Friday, September 30, 2016

The China Effect - Steel market fact of the day

No industry reflects China's impact on the global economy than steel. The graphic below is constructed from this Peterson Institute report.

China's share of global capacity rose from 30% in 2005 to 50% in 2015, or 1.2 billion tonnes out of 2.37 billion tonnes in 2015. It contributed a whopping 78% of the global capacity addition during that period. In 2015, Chinese capacity was nearly three-fourths of global steel production.
Since 2011, faced with a weakening economy, the Chinese capacity utilisation has been declining steadily. This has also coincided with a steady, and now ever steepening, increase in steel exports from the country. Interestingly, the major share of these exports have been going to the ASEAN economies, Africa, and Middle East, whereas the share going to US, Europe, Japan, and South Korea has been declining.

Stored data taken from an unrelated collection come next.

(* Let $\epsilon\in\mathbb{R}$ and let $w$ be a basic solution of $\mathcal{L}_\epsilon$. Then $w(r,t)\neq 0$ for every $(r,t)\in(0,\infty)\times\mathbb{S}^1$.
   Context: Fix $a>0$, $b\in\mathbb{R}\setminus\{0\}$, $\nu\in[0,1)$, an integer $k\ge 2$ and $c\in C^k(\mathbb{S}^1,\mathbb{C})$ (functions on $\mathbb{S}^1$ are $2\pi$-periodic functions of $t\in\mathbb{R}$). For $\epsilon\in\mathbb{R}$ put $\lambda_\epsilon=a+ib\epsilon$, $L_\epsilon=\lambda_\epsilon\partial_t-ir\partial_r$ on $(0,\infty)\times\mathbb{S}^1$ (coordinates $(r,t)$), and $\mathcal{L}_\epsilon u=L_\epsilon u+i\lambda_\epsilon\nu u-c(t)\bar u$. A basic solution of $\mathcal{L}_\epsilon$ is a nontrivial solution $w$ of $\mathcal{L}_\epsilon w=0$ on $(0,\infty)\times\mathbb{S}^1$ of the form $w(r,t)=r^\sigma\phi(t)+\overline{r^\sigma\psi(t)}$, with $\sigma\in\mathbb{C}$ and $\phi,\psi$ $2\pi$-periodic $\mathbb{C}$-valued functions. *)

theory Defs
  imports "HOL-Analysis.Analysis"
begin

text \<open>Functions on the circle S^1 are 2pi-periodic functions of t :: real.\<close>
definition periodic2pi :: "(real \<Rightarrow> 'a) \<Rightarrow> bool" where
  "periodic2pi f \<longleftrightarrow> (\<forall>t. f (t + 2 * pi) = f t)"

definition Ck_fun :: "nat \<Rightarrow> (real \<Rightarrow> complex) \<Rightarrow> bool" where
  "Ck_fun k f \<longleftrightarrow> (\<exists>D :: nat \<Rightarrow> real \<Rightarrow> complex. D 0 = f \<and>
     (\<forall>j<k. \<forall>t. (D j has_vector_derivative D (Suc j) t) (at t)) \<and>
     continuous_on UNIV (D k))"

definition lam :: "real \<Rightarrow> real \<Rightarrow> real \<Rightarrow> complex" where
  "lam a b \<epsilon> = complex_of_real a + \<i> * complex_of_real (b * \<epsilon>)"

definition solves_Leps ::
  "real \<Rightarrow> real \<Rightarrow> real \<Rightarrow> real \<Rightarrow> (real \<Rightarrow> complex) \<Rightarrow> (real \<Rightarrow> real \<Rightarrow> complex) \<Rightarrow> bool" where
  "solves_Leps a b \<nu> \<epsilon> c w \<longleftrightarrow>
     (\<forall>r>0. \<forall>t. \<exists>Dt Dr.
        ((\<lambda>s. w r s) has_vector_derivative Dt) (at t) \<and>
        ((\<lambda>\<rho>. w \<rho> t) has_vector_derivative Dr) (at r) \<and>
        lam a b \<epsilon> * Dt - \<i> * complex_of_real r * Dr
          + \<i> * lam a b \<epsilon> * complex_of_real \<nu> * w r t - c t * cnj (w r t) = 0)"

definition basic_solution ::
  "real \<Rightarrow> real \<Rightarrow> real \<Rightarrow> real \<Rightarrow> (real \<Rightarrow> complex) \<Rightarrow> (real \<Rightarrow> real \<Rightarrow> complex) \<Rightarrow> bool" where
  "basic_solution a b \<nu> \<epsilon> c w \<longleftrightarrow>
     solves_Leps a b \<nu> \<epsilon> c w \<and>
     (\<exists>r>0. \<exists>t. w r t \<noteq> 0) \<and>
     (\<exists>(\<sigma>::complex) (\<phi>::real \<Rightarrow> complex) (\<psi>::real \<Rightarrow> complex).
        periodic2pi \<phi> \<and> periodic2pi \<psi> \<and>
        (\<forall>r>0. \<forall>t. w r t = complex_of_real r powr \<sigma> * \<phi> t
                         + cnj (complex_of_real r powr \<sigma> * \<psi> t)))"

end

(* Write w = r^\<sigma> \<phi>(t) + conj (r^\<sigma> \<psi>(t)). Since r \<partial>_r r^\<sigma> = \<sigma> r^\<sigma>, the equation
   becomes an ODE in t on each circle {r} x S^1. Suppose w(r0,t0) = 0.
   * If \<sigma> is real, w = r^\<sigma> u(t), where u solves a linear ODE whose coefficients are
     continuous (c is C^1); a Gronwall estimate for |u|^2 propagates the zero, so u = 0.
   * If \<sigma> is not real, two radii at which r^\<sigma> is 1 and purely imaginary separate \<phi>
     and X = conj \<psi>, which solve a coupled system. The weighted energy
     H = (k1 - k2)(|\<phi>|^2 - |X|^2) exp(-k1 t) has derivative (k1 - k2)^2 |X|^2 exp(-k1 t),
     where k1 \<noteq> k2 because Re lam > 0. So H is nondecreasing, and it vanishes on
     t0 + 2pi Z because |\<phi>(t0)| = |X(t0)| and \<phi>, X are periodic; hence H = 0 and
     H' = 0, which forces X = 0 and then \<phi> = 0.
   Either way w vanishes identically, contradicting nontriviality. *)

theory Submission
  imports Defs
begin

lemma norm_square_has_real_derivative:
  fixes f :: "real \<Rightarrow> complex"
  assumes "(f has_vector_derivative f') (at t)"
  shows "((\<lambda>s. (cmod (f s))\<^sup>2) has_real_derivative 2 * Re (cnj (f t) * f')) (at t)"
proof -
  have "((\<lambda>s. cnj (f s) * f s) has_vector_derivative cnj (f t) * f' + cnj f' * f t) (at t)"
    by (intro derivative_intros assms)
  from bounded_linear.has_vector_derivative[OF bounded_linear_Re this]
  have "((\<lambda>s. Re (cnj (f s) * f s)) has_real_derivative 2 * Re (cnj (f t) * f')) (at t)"
    by (simp add: has_real_derivative_iff_has_vector_derivative mult.commute)
  moreover have "(\<lambda>s. Re (cnj (f s) * f s)) = (\<lambda>s. (cmod (f s))\<^sup>2)"
    by (simp add: cmod_def power2_eq_square)
  ultimately show ?thesis by simp
qed

(* Gronwall in its simplest form: a quantity vanishing at t0 and growing at most
   linearly in itself stays non-positive, since E(t) exp(-K t) is nonincreasing. *)
lemma gronwall_vanishing_forward:
  fixes E E' :: "real \<Rightarrow> real"
  assumes "t0 \<le> t1"
    and deriv: "\<And>x. t0 \<le> x \<Longrightarrow> x \<le> t1 \<Longrightarrow> (E has_real_derivative E' x) (at x)"
    and growth: "\<And>x. t0 \<le> x \<Longrightarrow> x \<le> t1 \<Longrightarrow> E' x \<le> K * E x"
    and "E t0 = 0"
  shows "E t1 \<le> 0"
proof -
  define F where "F x = E x * exp (- K * x)" for x
  have "F t1 \<le> F t0"
  proof (rule DERIV_nonpos_imp_nonincreasing[OF \<open>t0 \<le> t1\<close>])
    fix x assume x: "t0 \<le> x" "x \<le> t1"
    have "(F has_real_derivative (E' x - K * E x) * exp (- K * x)) (at x)"
      unfolding F_def using x
      by (auto intro!: derivative_eq_intros deriv simp: algebra_simps)
    moreover have "(E' x - K * E x) * exp (- K * x) \<le> 0"
      using growth[OF x] by (simp add: mult_nonpos_nonneg)
    ultimately show "\<exists>y. (F has_real_derivative y) (at x) \<and> y \<le> 0" by blast
  qed
  then show ?thesis using \<open>E t0 = 0\<close> by (simp add: F_def mult_le_0_iff)
qed

(* Two-sided version: with |E'| \<le> K E the argument runs in either direction of time,
   the backward case being the forward one for the mirrored function E(-s). *)
lemma gronwall_vanishing:
  fixes E E' :: "real \<Rightarrow> real"
  assumes deriv: "\<And>x. x \<in> closed_segment t0 t1 \<Longrightarrow> (E has_real_derivative E' x) (at x)"
    and growth: "\<And>x. x \<in> closed_segment t0 t1 \<Longrightarrow> \<bar>E' x\<bar> \<le> K * E x"
    and "E t0 = 0"
  shows "E t1 \<le> 0"
proof (cases "t0 \<le> t1")
  case True
  show ?thesis
    by (rule gronwall_vanishing_forward[OF True, where E'=E'])
       (use True deriv growth \<open>E t0 = 0\<close> in \<open>auto simp: closed_segment_eq_real_ivl abs_le_iff\<close>)
next
  case False
  have "E (- (- t1)) \<le> 0"
  proof (rule gronwall_vanishing_forward[where E="\<lambda>s. E (- s)" and E'="\<lambda>s. - E' (- s)"])
    fix x assume "- t0 \<le> x" "x \<le> - t1"
    then have seg: "- x \<in> closed_segment t0 t1"
      using False by (auto simp: closed_segment_eq_real_ivl)
    show "((\<lambda>s. E (- s)) has_real_derivative - E' (- x)) (at x)"
      using deriv[OF seg] by (simp add: DERIV_mirror)
    show "- E' (- x) \<le> K * E (- x)"
      using growth[OF seg] by linarith
  qed (use False \<open>E t0 = 0\<close> in auto)
  then show ?thesis by simp
qed

(* Uniqueness for linear ODEs: if |u'| \<le> m |u| with m continuous, a zero of u
   propagates to all times (apply Gronwall to |u|^2 on the segment between them). *)
lemma vanishing_propagates_linear_growth:
  fixes u u' :: "real \<Rightarrow> complex" and m :: "real \<Rightarrow> real"
  assumes deriv: "\<And>t. (u has_vector_derivative u' t) (at t)"
    and growth: "\<And>t. cmod (u' t) \<le> m t * cmod (u t)"
    and m_cont: "continuous_on UNIV m"
    and "u t0 = 0"
  shows "u t1 = 0"
proof -
  have "compact (m ` closed_segment t0 t1)"
    by (rule compact_continuous_image) (use m_cont continuous_on_subset in auto)
  then obtain B where "\<forall>y \<in> m ` closed_segment t0 t1. norm y \<le> B"
    using compact_imp_bounded bounded_iff by blast
  then have B: "\<And>x. x \<in> closed_segment t0 t1 \<Longrightarrow> \<bar>m x\<bar> \<le> B"
    by (metis image_eqI real_norm_def)
  have "(cmod (u t1))\<^sup>2 \<le> 0"
  proof (rule gronwall_vanishing[where E="\<lambda>s. (cmod (u s))\<^sup>2" and E'="\<lambda>x. 2 * Re (cnj (u x) * u' x)" and K="2 * B"])
    fix x assume x: "x \<in> closed_segment t0 t1"
    show "((\<lambda>s. (cmod (u s))\<^sup>2) has_real_derivative 2 * Re (cnj (u x) * u' x)) (at x)"
      by (rule norm_square_has_real_derivative[OF deriv])
    have "\<bar>2 * Re (cnj (u x) * u' x)\<bar> \<le> 2 * (cmod (u x) * cmod (u' x))"
      using abs_Re_le_cmod[of "cnj (u x) * u' x"] by (simp add: norm_mult)
    also have "\<dots> \<le> 2 * (cmod (u x) * (B * cmod (u x)))"
    proof -
      have "m x * cmod (u x) \<le> B * cmod (u x)"
        using B[OF x] by (intro mult_right_mono) auto
      then show ?thesis using growth[of x] by (simp add: mult_left_mono)
    qed
    finally show "\<bar>2 * Re (cnj (u x) * u' x)\<bar> \<le> 2 * B * (cmod (u x))\<^sup>2"
      by (simp add: power2_eq_square algebra_simps)
  qed (simp add: \<open>u t0 = 0\<close>)
  then show ?thesis by simp
qed

lemma periodic2pi_int_shift:
  assumes "periodic2pi f"
  shows "f (t + 2 * pi * of_int n) = f t"
proof (induction n rule: int_induct[where k=0])
  case base
  show ?case by simp
next
  case (step1 i)
  have "f (t + 2 * pi * of_int (i + 1)) = f ((t + 2 * pi * of_int i) + 2 * pi)"
    by (simp add: algebra_simps)
  with step1 assms show ?case by (simp add: periodic2pi_def)
next
  case (step2 i)
  have "f (t + 2 * pi * of_int i) = f ((t + 2 * pi * of_int (i - 1)) + 2 * pi)"
    by (simp add: algebra_simps)
  with step2 assms show ?case by (simp add: periodic2pi_def)
qed

(* A nondecreasing function vanishing on a lattice t0 + p Z vanishes identically,
   being squeezed between two consecutive lattice points. *)
lemma mono_vanishing_on_lattice:
  fixes H :: "real \<Rightarrow> real"
  assumes "mono H" and "p > 0" and zero: "\<And>n::int. H (t0 + p * of_int n) = 0"
  shows "H t = 0"
proof -
  define n where "n = \<lfloor>(t - t0) / p\<rfloor>"
  have "of_int n \<le> (t - t0) / p" "(t - t0) / p < of_int n + 1"
    unfolding n_def by linarith+
  then have "t0 + p * of_int n \<le> t" "t \<le> t0 + p * of_int (n + 1)"
    using \<open>p > 0\<close> by (simp_all add: field_simps)
  then have "H (t0 + p * of_int n) \<le> H t" "H t \<le> H (t0 + p * of_int (n + 1))"
    using \<open>mono H\<close> by (auto dest: monoD)
  then show ?thesis using zero[of n] zero[of "n + 1"] by linarith
qed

This is yet more evidence, a constant theme in this blog, that the brunt of damage from China's export machine is increasingly being faced by emerging economies. On the one hand, their domestic markets are easy target for aggressive Chinese exporters since these countries are unlikely to effectively litigate against China's unfair trade practices at the WTO. On the other hand, the traders from these countries struggle to compete with the heavily subsidised Chinese competitors.